# Your objective
Look through the entries for the string "fixes" and copy every line where it shows up.
Start of Provided data
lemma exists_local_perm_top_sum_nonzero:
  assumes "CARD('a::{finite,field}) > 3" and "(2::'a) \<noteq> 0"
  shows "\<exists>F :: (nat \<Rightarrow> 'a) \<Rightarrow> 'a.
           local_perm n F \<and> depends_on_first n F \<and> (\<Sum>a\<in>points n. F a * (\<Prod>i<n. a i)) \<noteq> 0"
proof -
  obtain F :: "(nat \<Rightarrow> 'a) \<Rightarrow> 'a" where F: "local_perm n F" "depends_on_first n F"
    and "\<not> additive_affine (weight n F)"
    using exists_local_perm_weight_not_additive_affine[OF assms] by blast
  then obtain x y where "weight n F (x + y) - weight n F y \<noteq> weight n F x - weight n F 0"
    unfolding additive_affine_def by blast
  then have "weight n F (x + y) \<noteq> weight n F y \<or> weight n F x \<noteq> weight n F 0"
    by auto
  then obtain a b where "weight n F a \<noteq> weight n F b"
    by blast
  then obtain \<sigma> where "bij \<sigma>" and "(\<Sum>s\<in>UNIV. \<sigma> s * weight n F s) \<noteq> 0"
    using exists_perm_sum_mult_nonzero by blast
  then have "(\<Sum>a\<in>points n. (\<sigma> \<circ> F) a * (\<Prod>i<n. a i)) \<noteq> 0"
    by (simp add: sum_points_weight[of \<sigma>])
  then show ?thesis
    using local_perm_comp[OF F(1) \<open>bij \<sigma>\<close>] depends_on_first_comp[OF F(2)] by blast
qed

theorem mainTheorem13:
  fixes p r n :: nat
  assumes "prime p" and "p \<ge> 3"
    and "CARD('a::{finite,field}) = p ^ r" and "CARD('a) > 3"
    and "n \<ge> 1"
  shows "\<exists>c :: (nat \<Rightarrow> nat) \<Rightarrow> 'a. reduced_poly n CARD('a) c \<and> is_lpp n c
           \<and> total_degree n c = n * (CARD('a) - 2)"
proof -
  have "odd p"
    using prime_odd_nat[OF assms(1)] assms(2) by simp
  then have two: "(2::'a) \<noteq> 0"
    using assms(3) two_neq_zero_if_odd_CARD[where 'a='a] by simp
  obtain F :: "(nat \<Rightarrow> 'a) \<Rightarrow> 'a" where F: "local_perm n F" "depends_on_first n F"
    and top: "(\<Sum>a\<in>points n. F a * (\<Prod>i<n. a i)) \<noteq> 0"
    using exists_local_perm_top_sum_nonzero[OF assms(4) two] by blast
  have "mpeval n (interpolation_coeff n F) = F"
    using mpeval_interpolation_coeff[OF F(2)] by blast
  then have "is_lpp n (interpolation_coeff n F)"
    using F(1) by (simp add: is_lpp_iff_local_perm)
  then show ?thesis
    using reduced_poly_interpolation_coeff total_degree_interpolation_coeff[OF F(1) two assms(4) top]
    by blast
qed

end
End of Provided data
Start of Provided data
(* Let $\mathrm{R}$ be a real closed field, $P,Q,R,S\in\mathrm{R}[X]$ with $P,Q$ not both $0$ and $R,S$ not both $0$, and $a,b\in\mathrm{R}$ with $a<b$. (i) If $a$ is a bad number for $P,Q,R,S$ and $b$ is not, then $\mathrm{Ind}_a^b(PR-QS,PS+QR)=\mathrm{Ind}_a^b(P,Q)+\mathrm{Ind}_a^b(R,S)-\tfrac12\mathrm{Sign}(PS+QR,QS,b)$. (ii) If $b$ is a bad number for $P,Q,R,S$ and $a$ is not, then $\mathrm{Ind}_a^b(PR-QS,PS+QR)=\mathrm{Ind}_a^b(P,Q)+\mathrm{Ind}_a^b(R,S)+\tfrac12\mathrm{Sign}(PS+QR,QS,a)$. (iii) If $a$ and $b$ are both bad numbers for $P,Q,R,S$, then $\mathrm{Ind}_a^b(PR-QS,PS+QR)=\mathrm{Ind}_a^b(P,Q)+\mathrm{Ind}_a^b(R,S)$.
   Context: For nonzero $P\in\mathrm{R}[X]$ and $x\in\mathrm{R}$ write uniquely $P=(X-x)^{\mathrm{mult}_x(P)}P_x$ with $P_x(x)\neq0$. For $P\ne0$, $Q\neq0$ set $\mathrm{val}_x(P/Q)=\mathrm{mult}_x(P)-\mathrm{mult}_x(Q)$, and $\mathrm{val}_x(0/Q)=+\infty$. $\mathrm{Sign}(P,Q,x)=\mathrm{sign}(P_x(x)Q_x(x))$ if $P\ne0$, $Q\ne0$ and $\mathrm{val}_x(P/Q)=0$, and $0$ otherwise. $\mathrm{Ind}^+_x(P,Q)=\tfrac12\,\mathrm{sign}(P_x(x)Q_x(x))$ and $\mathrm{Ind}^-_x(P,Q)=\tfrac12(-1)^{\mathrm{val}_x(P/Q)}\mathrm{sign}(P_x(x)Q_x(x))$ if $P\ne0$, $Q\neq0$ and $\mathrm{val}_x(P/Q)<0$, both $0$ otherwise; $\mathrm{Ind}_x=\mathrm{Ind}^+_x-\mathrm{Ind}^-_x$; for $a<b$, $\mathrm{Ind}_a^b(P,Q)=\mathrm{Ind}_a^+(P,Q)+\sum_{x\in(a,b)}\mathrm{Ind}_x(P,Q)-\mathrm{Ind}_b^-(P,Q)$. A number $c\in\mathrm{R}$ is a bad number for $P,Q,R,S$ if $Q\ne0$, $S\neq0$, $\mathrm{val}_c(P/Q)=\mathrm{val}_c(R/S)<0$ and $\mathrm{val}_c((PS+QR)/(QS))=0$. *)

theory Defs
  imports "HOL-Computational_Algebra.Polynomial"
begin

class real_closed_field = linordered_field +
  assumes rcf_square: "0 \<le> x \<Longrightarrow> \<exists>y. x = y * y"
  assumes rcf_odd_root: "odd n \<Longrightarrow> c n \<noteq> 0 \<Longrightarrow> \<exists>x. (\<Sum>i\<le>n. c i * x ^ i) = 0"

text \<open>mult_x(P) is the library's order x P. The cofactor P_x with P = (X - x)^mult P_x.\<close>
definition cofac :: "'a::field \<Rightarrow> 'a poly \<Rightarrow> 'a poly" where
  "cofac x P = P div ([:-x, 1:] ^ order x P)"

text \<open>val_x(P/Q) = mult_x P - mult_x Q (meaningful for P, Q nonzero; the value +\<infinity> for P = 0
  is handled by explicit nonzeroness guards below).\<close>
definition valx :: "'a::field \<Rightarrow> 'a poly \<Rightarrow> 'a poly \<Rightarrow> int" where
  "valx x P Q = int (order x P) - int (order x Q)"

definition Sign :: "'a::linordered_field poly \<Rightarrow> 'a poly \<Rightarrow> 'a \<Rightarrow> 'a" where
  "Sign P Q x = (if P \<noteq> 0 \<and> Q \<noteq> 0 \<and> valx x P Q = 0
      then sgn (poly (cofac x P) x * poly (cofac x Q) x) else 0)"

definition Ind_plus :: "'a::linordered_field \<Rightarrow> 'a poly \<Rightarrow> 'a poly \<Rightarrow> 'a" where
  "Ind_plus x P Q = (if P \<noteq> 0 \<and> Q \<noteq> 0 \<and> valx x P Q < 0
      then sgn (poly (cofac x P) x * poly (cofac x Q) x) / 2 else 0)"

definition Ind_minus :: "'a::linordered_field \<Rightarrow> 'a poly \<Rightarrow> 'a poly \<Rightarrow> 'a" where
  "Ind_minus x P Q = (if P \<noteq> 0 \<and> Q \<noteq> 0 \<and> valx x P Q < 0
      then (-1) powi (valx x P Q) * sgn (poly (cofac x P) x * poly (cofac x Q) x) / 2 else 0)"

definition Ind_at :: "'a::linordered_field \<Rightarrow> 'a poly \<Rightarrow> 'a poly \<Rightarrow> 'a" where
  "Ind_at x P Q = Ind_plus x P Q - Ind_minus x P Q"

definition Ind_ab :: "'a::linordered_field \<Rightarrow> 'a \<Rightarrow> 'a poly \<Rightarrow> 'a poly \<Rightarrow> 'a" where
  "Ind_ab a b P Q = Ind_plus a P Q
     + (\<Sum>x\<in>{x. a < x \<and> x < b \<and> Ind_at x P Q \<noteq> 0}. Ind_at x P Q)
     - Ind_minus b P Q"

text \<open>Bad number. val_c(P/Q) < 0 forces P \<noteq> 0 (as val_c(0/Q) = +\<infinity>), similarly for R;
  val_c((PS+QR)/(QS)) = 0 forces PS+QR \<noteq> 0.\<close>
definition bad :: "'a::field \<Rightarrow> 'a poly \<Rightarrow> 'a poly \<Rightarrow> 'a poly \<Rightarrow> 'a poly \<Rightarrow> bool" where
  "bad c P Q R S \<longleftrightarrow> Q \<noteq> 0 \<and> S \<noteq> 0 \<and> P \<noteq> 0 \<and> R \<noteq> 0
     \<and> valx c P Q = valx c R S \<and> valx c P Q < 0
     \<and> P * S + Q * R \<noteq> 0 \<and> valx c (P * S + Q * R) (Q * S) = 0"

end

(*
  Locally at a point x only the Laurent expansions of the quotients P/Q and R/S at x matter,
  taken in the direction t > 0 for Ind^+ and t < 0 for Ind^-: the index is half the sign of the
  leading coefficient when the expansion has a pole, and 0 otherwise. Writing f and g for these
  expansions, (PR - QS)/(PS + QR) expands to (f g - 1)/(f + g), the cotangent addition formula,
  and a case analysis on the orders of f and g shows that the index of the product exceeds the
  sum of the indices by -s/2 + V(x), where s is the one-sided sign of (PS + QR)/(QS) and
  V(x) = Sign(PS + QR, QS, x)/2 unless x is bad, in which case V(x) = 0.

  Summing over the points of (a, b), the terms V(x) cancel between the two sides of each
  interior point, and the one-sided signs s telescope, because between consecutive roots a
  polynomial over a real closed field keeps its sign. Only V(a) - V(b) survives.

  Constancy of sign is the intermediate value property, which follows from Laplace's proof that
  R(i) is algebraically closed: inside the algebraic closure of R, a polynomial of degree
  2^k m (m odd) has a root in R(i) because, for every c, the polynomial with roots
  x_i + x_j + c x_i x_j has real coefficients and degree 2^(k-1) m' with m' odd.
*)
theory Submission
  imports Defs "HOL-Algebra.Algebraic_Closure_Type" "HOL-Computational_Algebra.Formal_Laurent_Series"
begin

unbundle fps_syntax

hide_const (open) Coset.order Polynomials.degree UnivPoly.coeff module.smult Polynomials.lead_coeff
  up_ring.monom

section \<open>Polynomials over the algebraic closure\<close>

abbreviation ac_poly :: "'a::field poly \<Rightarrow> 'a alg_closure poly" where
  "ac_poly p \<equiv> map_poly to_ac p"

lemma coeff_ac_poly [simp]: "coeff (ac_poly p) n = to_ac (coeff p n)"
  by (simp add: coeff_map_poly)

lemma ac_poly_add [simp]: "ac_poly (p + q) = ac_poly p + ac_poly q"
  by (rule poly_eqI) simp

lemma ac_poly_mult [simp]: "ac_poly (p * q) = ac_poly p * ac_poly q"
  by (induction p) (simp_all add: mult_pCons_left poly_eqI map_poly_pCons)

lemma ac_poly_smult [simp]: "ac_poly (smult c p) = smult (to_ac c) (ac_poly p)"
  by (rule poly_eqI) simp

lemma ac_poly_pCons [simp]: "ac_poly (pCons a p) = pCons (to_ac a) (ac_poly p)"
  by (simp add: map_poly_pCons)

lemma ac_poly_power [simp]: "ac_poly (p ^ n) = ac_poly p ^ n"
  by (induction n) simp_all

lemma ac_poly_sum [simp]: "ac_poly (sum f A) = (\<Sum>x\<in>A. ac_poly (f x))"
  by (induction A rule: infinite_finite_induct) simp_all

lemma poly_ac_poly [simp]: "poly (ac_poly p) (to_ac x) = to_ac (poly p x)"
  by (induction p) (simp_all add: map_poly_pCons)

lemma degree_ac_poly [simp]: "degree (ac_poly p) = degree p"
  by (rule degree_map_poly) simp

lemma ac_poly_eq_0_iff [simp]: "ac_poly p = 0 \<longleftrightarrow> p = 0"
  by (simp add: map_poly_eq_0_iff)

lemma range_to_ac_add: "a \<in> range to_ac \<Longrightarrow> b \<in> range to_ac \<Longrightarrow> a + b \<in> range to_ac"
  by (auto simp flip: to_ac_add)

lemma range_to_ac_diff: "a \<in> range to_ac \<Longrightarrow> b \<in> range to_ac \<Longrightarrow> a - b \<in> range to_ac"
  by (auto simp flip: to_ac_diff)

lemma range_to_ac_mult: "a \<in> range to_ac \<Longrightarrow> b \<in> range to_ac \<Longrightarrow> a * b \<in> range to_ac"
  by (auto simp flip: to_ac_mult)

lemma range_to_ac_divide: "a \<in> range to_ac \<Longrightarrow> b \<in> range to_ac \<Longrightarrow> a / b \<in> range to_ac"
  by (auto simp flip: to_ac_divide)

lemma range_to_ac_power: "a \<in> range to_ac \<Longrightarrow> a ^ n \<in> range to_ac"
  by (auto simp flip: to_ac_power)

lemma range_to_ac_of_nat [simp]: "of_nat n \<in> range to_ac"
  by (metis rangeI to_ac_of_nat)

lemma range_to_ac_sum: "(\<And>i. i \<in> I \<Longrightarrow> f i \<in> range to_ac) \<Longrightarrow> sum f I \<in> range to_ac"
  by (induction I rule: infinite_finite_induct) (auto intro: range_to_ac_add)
End of Provided data
Start of Provided data
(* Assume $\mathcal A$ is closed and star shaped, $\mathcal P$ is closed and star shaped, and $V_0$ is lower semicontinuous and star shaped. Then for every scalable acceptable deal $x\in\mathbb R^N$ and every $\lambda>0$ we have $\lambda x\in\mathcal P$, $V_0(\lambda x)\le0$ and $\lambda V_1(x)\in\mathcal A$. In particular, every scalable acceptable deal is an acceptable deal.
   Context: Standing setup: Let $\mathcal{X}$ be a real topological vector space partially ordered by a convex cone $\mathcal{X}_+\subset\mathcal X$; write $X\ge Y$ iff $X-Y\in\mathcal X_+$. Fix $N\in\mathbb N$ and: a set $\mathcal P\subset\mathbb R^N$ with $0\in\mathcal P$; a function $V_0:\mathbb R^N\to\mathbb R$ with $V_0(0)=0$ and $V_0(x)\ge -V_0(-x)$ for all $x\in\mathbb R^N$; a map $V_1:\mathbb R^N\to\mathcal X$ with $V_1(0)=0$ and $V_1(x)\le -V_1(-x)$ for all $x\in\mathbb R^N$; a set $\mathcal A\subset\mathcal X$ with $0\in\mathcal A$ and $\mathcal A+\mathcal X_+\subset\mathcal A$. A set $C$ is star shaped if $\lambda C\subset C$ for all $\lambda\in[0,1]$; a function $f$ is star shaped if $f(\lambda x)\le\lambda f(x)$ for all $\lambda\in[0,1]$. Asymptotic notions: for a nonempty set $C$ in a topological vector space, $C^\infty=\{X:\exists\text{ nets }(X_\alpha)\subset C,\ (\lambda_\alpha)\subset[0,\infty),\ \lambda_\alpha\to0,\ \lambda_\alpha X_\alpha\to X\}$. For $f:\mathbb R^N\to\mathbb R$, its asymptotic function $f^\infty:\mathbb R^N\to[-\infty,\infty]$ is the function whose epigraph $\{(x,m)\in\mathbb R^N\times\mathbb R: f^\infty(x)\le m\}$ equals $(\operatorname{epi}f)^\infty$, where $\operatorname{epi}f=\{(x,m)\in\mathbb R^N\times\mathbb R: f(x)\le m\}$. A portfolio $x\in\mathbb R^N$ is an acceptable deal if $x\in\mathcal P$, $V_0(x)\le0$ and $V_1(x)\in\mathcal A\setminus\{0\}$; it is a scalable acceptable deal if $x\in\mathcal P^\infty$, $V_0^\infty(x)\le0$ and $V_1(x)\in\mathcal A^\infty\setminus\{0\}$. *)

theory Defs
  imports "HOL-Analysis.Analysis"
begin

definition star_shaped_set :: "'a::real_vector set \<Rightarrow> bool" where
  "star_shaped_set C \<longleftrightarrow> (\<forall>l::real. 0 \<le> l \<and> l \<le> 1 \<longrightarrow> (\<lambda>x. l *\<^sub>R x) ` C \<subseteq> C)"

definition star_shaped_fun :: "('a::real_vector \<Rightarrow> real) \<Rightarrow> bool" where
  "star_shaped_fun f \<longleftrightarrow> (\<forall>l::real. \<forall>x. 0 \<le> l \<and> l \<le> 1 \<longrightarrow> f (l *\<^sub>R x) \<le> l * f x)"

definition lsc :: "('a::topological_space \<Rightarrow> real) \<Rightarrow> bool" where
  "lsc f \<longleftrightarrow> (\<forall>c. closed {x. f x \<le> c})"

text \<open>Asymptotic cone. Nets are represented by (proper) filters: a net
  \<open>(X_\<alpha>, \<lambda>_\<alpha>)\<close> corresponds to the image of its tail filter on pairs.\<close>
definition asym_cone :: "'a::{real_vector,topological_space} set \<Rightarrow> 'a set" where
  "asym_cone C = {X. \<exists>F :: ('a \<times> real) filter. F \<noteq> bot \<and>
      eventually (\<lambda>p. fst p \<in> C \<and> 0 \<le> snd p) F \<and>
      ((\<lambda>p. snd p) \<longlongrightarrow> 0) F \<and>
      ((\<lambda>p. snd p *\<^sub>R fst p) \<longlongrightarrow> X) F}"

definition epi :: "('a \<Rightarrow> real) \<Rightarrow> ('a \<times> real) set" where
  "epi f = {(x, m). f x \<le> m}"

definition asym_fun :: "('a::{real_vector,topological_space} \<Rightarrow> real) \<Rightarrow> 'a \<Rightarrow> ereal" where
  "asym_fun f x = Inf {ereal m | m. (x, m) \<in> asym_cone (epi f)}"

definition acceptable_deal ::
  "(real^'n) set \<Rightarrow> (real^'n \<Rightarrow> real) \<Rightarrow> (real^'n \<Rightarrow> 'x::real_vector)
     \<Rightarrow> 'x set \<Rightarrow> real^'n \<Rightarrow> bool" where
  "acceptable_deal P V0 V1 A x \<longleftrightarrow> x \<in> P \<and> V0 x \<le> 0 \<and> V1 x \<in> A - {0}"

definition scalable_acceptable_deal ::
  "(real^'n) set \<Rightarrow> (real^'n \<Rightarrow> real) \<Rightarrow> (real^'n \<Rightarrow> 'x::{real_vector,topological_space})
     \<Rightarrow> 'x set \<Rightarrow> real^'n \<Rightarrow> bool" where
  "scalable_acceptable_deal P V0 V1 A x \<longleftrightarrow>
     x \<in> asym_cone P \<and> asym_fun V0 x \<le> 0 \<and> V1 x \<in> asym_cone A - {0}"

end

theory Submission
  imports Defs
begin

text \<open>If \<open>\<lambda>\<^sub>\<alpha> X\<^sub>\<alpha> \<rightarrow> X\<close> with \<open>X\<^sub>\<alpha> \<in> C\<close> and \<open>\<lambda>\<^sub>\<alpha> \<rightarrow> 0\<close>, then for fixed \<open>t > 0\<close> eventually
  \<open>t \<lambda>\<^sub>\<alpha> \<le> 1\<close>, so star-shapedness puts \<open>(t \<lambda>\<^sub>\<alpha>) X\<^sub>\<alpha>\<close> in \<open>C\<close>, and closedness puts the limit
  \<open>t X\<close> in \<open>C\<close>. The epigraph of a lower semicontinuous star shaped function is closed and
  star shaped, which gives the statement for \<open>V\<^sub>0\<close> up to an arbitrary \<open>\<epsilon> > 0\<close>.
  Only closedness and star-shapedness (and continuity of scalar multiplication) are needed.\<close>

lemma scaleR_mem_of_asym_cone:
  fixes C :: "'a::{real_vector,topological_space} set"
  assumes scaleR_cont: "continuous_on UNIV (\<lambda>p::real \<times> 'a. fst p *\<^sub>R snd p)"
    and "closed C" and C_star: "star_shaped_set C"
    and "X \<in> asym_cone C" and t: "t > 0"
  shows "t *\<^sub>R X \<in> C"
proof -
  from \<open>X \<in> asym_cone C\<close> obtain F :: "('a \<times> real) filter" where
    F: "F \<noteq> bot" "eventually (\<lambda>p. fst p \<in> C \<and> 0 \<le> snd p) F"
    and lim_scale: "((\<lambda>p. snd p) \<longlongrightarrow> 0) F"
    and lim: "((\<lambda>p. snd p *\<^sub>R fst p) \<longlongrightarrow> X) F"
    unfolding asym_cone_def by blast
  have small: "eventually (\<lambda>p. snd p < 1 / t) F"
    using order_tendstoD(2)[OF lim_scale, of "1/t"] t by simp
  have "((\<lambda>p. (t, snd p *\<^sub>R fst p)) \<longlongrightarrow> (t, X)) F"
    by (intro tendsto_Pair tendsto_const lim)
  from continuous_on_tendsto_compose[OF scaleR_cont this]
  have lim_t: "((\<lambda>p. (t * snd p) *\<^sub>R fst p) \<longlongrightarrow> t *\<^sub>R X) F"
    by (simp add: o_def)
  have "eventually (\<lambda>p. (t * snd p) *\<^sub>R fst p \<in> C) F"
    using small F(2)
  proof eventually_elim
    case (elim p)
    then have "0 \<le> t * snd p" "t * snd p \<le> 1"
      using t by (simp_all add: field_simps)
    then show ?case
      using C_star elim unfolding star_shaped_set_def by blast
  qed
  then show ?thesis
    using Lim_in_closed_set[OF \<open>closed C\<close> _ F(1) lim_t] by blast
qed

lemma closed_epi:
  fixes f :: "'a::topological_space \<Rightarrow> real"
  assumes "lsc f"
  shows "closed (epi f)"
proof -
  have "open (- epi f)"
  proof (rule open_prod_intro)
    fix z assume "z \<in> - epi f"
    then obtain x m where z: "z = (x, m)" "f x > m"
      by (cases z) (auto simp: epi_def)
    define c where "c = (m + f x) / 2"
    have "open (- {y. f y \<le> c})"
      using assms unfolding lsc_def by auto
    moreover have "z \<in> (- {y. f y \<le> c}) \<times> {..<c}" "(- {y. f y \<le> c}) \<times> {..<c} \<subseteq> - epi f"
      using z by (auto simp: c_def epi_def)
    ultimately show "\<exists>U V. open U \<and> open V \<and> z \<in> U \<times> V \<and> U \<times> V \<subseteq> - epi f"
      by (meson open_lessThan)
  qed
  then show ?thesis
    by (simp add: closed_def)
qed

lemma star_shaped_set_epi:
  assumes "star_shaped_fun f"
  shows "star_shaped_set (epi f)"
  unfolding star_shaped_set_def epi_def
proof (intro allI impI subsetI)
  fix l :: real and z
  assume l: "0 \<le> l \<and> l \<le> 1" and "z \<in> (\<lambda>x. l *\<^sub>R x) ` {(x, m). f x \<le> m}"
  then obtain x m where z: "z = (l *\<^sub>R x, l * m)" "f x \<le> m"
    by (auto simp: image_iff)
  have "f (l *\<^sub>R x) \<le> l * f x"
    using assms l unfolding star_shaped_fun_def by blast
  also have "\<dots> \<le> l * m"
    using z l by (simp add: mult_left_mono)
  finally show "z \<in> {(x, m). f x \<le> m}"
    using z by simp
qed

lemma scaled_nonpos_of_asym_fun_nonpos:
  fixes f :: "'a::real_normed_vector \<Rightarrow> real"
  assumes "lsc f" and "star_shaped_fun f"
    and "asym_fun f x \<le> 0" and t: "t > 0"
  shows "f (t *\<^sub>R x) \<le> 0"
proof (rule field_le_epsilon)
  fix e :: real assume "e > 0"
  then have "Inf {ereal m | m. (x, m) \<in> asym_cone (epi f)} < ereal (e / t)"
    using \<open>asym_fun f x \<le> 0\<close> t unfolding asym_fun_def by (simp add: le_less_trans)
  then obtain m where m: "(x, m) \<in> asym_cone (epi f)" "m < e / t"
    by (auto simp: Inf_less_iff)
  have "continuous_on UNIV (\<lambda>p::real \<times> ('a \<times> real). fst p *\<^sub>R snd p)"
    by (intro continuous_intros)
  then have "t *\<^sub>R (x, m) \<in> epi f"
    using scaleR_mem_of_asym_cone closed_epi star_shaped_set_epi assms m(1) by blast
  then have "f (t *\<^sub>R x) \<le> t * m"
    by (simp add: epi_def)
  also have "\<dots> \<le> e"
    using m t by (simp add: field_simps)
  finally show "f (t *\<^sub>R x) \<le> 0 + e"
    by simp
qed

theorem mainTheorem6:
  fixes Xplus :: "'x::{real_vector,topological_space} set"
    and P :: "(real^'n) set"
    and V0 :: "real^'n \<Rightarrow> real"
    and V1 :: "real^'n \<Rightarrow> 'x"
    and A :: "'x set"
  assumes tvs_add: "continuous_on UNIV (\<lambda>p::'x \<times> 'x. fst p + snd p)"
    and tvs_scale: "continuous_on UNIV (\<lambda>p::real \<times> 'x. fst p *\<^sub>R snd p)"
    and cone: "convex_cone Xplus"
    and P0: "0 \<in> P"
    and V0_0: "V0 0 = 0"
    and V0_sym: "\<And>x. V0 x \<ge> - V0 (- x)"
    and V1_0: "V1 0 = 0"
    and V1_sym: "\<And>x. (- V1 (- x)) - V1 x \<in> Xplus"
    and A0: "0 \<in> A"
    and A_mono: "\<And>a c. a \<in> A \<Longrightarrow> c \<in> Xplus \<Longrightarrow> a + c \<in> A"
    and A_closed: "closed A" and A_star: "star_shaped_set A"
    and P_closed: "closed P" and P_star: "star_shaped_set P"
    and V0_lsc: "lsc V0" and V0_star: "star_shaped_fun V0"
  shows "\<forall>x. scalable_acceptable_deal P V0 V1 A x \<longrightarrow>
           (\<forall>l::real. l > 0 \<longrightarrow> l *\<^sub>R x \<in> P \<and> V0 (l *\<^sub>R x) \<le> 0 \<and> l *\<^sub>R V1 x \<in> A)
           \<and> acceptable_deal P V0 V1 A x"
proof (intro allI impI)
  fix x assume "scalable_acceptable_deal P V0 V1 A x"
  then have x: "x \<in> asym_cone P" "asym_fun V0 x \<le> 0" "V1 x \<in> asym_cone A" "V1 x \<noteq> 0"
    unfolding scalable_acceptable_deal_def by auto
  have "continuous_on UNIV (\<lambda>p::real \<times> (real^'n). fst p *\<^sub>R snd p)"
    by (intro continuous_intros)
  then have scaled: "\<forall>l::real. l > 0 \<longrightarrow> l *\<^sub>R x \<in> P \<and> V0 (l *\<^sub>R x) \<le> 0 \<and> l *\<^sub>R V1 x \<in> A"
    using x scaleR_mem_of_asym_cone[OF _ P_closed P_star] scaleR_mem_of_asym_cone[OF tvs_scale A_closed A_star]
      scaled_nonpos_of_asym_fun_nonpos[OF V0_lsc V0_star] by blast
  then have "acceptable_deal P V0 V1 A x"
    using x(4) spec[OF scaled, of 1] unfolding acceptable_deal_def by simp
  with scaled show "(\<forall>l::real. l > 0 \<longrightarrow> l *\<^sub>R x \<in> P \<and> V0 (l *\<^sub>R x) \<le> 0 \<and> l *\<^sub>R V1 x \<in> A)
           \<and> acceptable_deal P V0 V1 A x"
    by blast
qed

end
End of Provided data
# Completed task
  fixes p r n :: nat
  fixes C :: "'a::{real_vector,topological_space} set"
  fixes f :: "'a::topological_space \<Rightarrow> real"
  fixes f :: "'a::real_normed_vector \<Rightarrow> real"
  fixes Xplus :: "'x::{real_vector,topological_space} set"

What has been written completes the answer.